The market’s pricing of the Fed has finally converged towards the FOMC’s dot plot: there are now less than four full 25 bps cuts priced in by the end of 2024. Even if that shift has been developing since the beginning of the year, last week’s trigger was the release of a disappointing core CPI print for January. On a 3-month basis the re-acceleration since a trough in August was confirmed. True, the message from the core PCE – the Fed’s favourite gauge – has diverged lately (no clear re-acceleration trend there ) but some of the CPI resilience will likely find its way to the PCE this time. Indeed, fast-growing rents – which play a smaller role in the PCE – are not the only driver of robust price growth in the services sector. The dataflow needs to change quickly, otherwise there is a risk the market will take its shift further and “overtake the dot plot” to push the start of accommodation to very late, if at all, in 2024.
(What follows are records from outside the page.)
(* Let $(P,\le,A_1\ldots A_k)$ be a regular poset with node tree $(\mathcal{N},\prec)$, and suppose $M$ is a descendant of $N$ in $(\mathcal{N},\prec)$. Then (1) $\mathrm{width}(M)\le\mathrm{width}(N)$; (2) if $\mathrm{width}(M)=\mathrm{width}(N)$, then $\mathrm{surplus}(M)\le\mathrm{surplus}(N)$.
   Context: Let $(P,\le)$ be a finite poset of width $w$. For $A\subseteq P$ let $A{\uparrow}=\{y: x\le y\text{ for some }x\in A\}$, $A{\downarrow}=\{y: y\le x\text{ for some }x\in A\}$. For maximal antichains $A,B$ write $A\sqsubseteq B$ if $A\subseteq B{\downarrow}$, and $A\sqsubset B$ if also $A\ne B$. For disjoint antichains $A\sqsubset B$, $(A,B,<)$ is the bipartite graph with classes $A,B$ and edges $(a<b)$ for $a\in A,b\in B$, $a<b$; it is regular if every edge lies in a perfect matching. A regular poset $(P,\le,A_1\ldots A_k)$: $A_1,\dots,A_k$ are maximum antichains partitioning $P$, $(\{A_1,\dots,A_k\},\sqsubseteq)$ is a linear order with minimum $A_1$ and maximum $A_2$, $a<b$ for all $a\in A_1,b\in A_2$, and for every $t\in[2,k]$ and every $A_p\sqsubset A_s$ consecutive in $(\{A_1,\dots,A_t\},\sqsubseteq)$ the graph $(A_p,A_s,<)$ is regular. A node is a bipartite graph $(X,Y,<)$ where, for some such consecutive pair $A_p\sqsubset A_s$ (at some stage $t$), $X\subseteq A_p$, $Y\subseteq A_s$ and $X\cup Y$ is the vertex set of a connected component of $(A_p,A_s,<)$. Its width is $\mathrm{width}(N)=|X|=|Y|$; $\mathrm{Int}(N)=X{\uparrow}\cap Y{\downarrow}$; its surplus $\mathrm{surplus}(N)$ is the largest $k$ such that $|A{\uparrow}\cap Y|\ge\min\{|A|+k,|Y|\}$ for all non-empty $A\subseteq X$, with $\mathrm{surplus}(N)=\infty$ if $N$ is a complete bipartite graph. Node tree $(\mathcal{N},\prec)$: $\mathcal{N}$ is the set of all nodes; when for $t\ge3$ the antichain $A_t$ is inserted between $A_p\sqsubset A_s$ consecutive at stage $t-1$, each node $M$ of $(A_p,A_t,<)$ or $(A_t,A_s,<)$ is declared a child of the unique node $N$ of $(A_p,A_s,<)$ with $\mathrm{Int}(M)\subset\mathrm{Int}(N)$. This gives a rooted tree with root $(A_1,A_2,<)$; descendants are defined via the child relation. *)

theory Defs
  imports Main "HOL-Library.Extended_Real"
begin

text \<open>Finite posets are subsets P of a type with a partial order; the order on P is the
induced one. Antichains are indexed A 1, ..., A k.\<close>

definition up_set :: "'a::order set \<Rightarrow> 'a set \<Rightarrow> 'a set" where
  "up_set P A = {y \<in> P. \<exists>x\<in>A. x \<le> y}"

definition down_set :: "'a::order set \<Rightarrow> 'a set \<Rightarrow> 'a set" where
  "down_set P A = {y \<in> P. \<exists>x\<in>A. y \<le> x}"

definition antichain :: "'a::order set \<Rightarrow> 'a set \<Rightarrow> bool" where
  "antichain P A \<longleftrightarrow> A \<subseteq> P \<and> (\<forall>x\<in>A. \<forall>y\<in>A. x \<le> y \<longrightarrow> x = y)"

definition maximum_antichain :: "'a::order set \<Rightarrow> 'a set \<Rightarrow> bool" where
  "maximum_antichain P A \<longleftrightarrow> antichain P A \<and> (\<forall>B. antichain P B \<longrightarrow> card B \<le> card A)"

definition ac_le :: "'a::order set \<Rightarrow> 'a set \<Rightarrow> 'a set \<Rightarrow> bool" where
  "ac_le P A B \<longleftrightarrow> A \<subseteq> down_set P B"

definition ac_less :: "'a::order set \<Rightarrow> 'a set \<Rightarrow> 'a set \<Rightarrow> bool" where
  "ac_less P A B \<longleftrightarrow> ac_le P A B \<and> A \<noteq> B"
Meanwhile, the ECB Governing Council is busy discussing publicly which “policy mistake” is the most plausible. Isabel Schnabel and Joachim Nagel took a firm view: the risk of cutting too soon still dominates. We agree that the policy space at the ECB is now ample enough that failing to respond early to the deterioration of the real economy could be offset by deep and quick rate cuts down the line. Yet, we are concerned that the adverse consequences for the Euro area of a delayed monetary policy response could be compounded by the restrictive turn of the fiscal stance. Moreover, having the ECB slashing rates in an emergency mode after a late first cut would not do wonders to the central bank’s credibility. BDF Governor Villeroy de Galhau is clearly preoccupied by the risk of cutting too late. We think his interview to L’Echo last week was implicitly an offer of a quid pro quo to the hawks: an early cut would be “offset” by a slow pace of subsequent loosening, and the final level of the policy rate would not be as low as what was seen between the Great Financial Crisis and Covid. This strengthens our view that there should be a floor to the overall quantum of rate cuts priced by the market this year, now significantly larger than for the Fed.